Dated:  December 10, 1996          By /S/ JAMES D. AZZAR
                                      James D. Azzar, President


Dated:  December 10, 1996          /S/ JAMES D. AZZAR
                                   James D. Azzar



























               Page 10 of 10 Pages
<PAGE>
                                APPENDIX A


                       NOTICE OF PROPOSED RESOLUTION




          This Notice and the accompanying resolution are submitted to the
shareholders of Badger Paper Mills, Inc. ("Badger") pursuant to Wis. Stat.
<Section> 180.1150 on behalf of Bomarko, Inc. ("Bomarko"), Extrusions
Division, Inc. ("EDI"), and James D. Azzar (collectively referred to as the
"Investors").  The Investors request a shareholder vote to approve
restoration of full voting power to the Investors in the event that the
Investors purchase shares of Badger in excess of 20% of the voting power in
the election of directors.

          Recent strategic actions by the Issuer and continuing substantial
operating losses have caused the Investors to reevaluate the risks and
prospects of their investment in Badger.  Investors now believe that the
most viable strategy by which the Investors and other stockholders can
limit the risk of further substantial losses in the value of their
investment in Badger may be to pursue a prompt sale of Badger or its
assets.  The Investors intend to communicate with management and take other
measures to encourage the board of directors and management to take
appropriate measures to maximize stockholders' value, including, if
feasible, a sale of Badger or its assets.

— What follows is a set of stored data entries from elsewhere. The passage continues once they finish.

(* Let $\{X^{(1)}_\ell\}_{\ell\ge1}$ and $\{X^{(2)}_\ell\}_{\ell\ge1}$ be mutually independent real random variables, where $X^{(b)}_\ell$ has mean $\mu_b$ for all $\ell$, with $\mu_1>0>\mu_2$, and suppose there is $\beta>0$ such that for all $b\in\{1,2\}$, $\ell\in\mathbb N$ and $v\in\mathbb R$, $$\mathbb P[X^{(b)}_\ell\ge v]\le e^{-\beta|v-\mu_b|_+^2},\qquad \mathbb P[X^{(b)}_\ell\le v]\le e^{-\beta|\mu_b-v|_+^2}.$$ Define $Y_1=X^{(2)}_1$ and, for $\ell\ge2$, $Y_\ell=Y_{\ell-1}+X^{(1)}_\ell$ if $Y_{\ell-1}<0$ and $Y_\ell=Y_{\ell-1}+X^{(2)}_\ell$ if $Y_{\ell-1}\ge0$. Let $c\ge1$ satisfy $$\min\{\mu_1,-\mu_2\}\ge\sqrt{\pi/\beta}\;e^{c^2/4}.$$ Then for every $\ell\in\mathbb N$ and every $v\in\mathbb R$, $$\mathbb P[|Y_\ell|\ge v]\le2\,e^{-c\sqrt\beta\,(v-\mu_1+\mu_2)}.$$
   Context: $|a|_+=\max\{0,a\}$. *)

theory Defs
  imports "HOL-Probability.Probability"
begin

text \<open>The switching walk: X b l is the l-th variable of stream b (b = 1 or 2, l \<ge> 1).
  Yw X l is Y_l for l \<ge> 1; the value at l = 0 is a dummy 0.\<close>
fun Yw :: "(nat \<Rightarrow> nat \<Rightarrow> 'a \<Rightarrow> real) \<Rightarrow> nat \<Rightarrow> 'a \<Rightarrow> real" where
  "Yw X 0 \<omega> = 0"
| "Yw X (Suc 0) \<omega> = X 2 1 \<omega>"
| "Yw X (Suc (Suc n)) \<omega> =
     (if Yw X (Suc n) \<omega> < 0 then Yw X (Suc n) \<omega> + X 1 (Suc (Suc n)) \<omega>
      else Yw X (Suc n) \<omega> + X 2 (Suc (Suc n)) \<omega>)"

end

theory Submission
  imports Defs
begin

text \<open>If \<open>Y l \<ge> v\<close>, look back to the last time \<open>k + 1 \<le> l\<close> at which the walk was negative:
  from then on it took one step of \<open>X 1\<close> followed by steps of \<open>X 2\<close> only (if it never was
  negative, it took steps of \<open>X 2\<close> only).  Each such run is a sum of independent sub-Gaussian
  variables, so Chernoff's bound at \<open>\<theta> = c \<surd>\<beta>\<close>, with moment generating functions computed
  from the tails by a Gaussian integral, bounds its probability.  The negative drift \<open>\<mu>2\<close>
  makes these bounds decay geometrically in the length of the run, and the hypothesis on
  \<open>min \<mu>1 (- \<mu>2)\<close> makes the resulting geometric series sum to at most
  \<open>exp (\<theta> (\<mu>1 - \<mu>2))\<close>.  The lower tail is symmetric.\<close>

lemma exp_le_one_plus_nn_integral:
  fixes \<theta> z :: real
  assumes "\<theta> > 0"
  shows "ennreal (exp (\<theta> * z))
    \<le> 1 + (\<integral>\<^sup>+t. ennreal (\<theta> * exp (\<theta> * t)) * indicator {0..z} t \<partial>lborel)"
proof (cases "z \<ge> 0")
  case True
  have "(\<integral>\<^sup>+t. ennreal (\<theta> * exp (\<theta> * t)) * indicator {0..z} t \<partial>lborel)
      = exp (\<theta> * z) - exp (\<theta> * 0)"
    by (rule nn_integral_FTC_Icc) (use assms True in \<open>auto intro!: derivative_eq_intros\<close>)
  moreover have "exp (\<theta> * z) \<ge> 1"
    using assms True by simp
  ultimately show ?thesis
    using ennreal_plus[of 1 "exp (\<theta> * z) - 1"] by simp
next
  case False
  then have "exp (\<theta> * z) \<le> 1"
    using assms by (simp add: mult_nonneg_nonpos)
  then show ?thesis
    by (simp add: add_increasing2 ennreal_leI)
qed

          The Investors may acquire additional shares of the Issuer for the
purpose of enhancing their ability to influence management, to promote a
sale of the Issuer, or to supplement or protect their investment.  However,
the Investors believe that purchases of shares without full voting rights
would not further this purpose.  The Investors believe that approval of the
proposed resolution, perhaps accompanied by further purchases of Shares,
would tend to enhance the Investors' ability to encourage the board of
directors and management to maximize shareholder value.
 
          At this time, the Investors propose to acquire more than 20
percent but less than 50 percent of the total Badger Shares outstanding. 
The Investors propose to acquire such shares with cash on hand or obtained
from the sale of other investment securities, or from existing lines of
credit.  Purchases will be made on the open market and in privately
negotiated transactions with individual shareholders of Badger.  Although
the Investors have no present intention to purchase shares otherwise than
as set forth above, they reserve the right to acquire shares by any lawful
means. 

          If Badger is offered for sale, the Investors might or might not
offer to acquire Badger or some or all of its assets.  However, the desire
of the Investors to pursue a sale of the Issuer is not primarily motivated
by an intent to acquire Badger or any substantial portion of its assets. 
<PAGE>
The Investors believe that the defensive provisions included in the
Issuer's articles of incorporation and certain laws available to the board
of directors of the Issuer in the state of Wisconsin render it
comparatively unlikely that the Investors could acquire control of Badger
or its assets without the support of the present board of directors.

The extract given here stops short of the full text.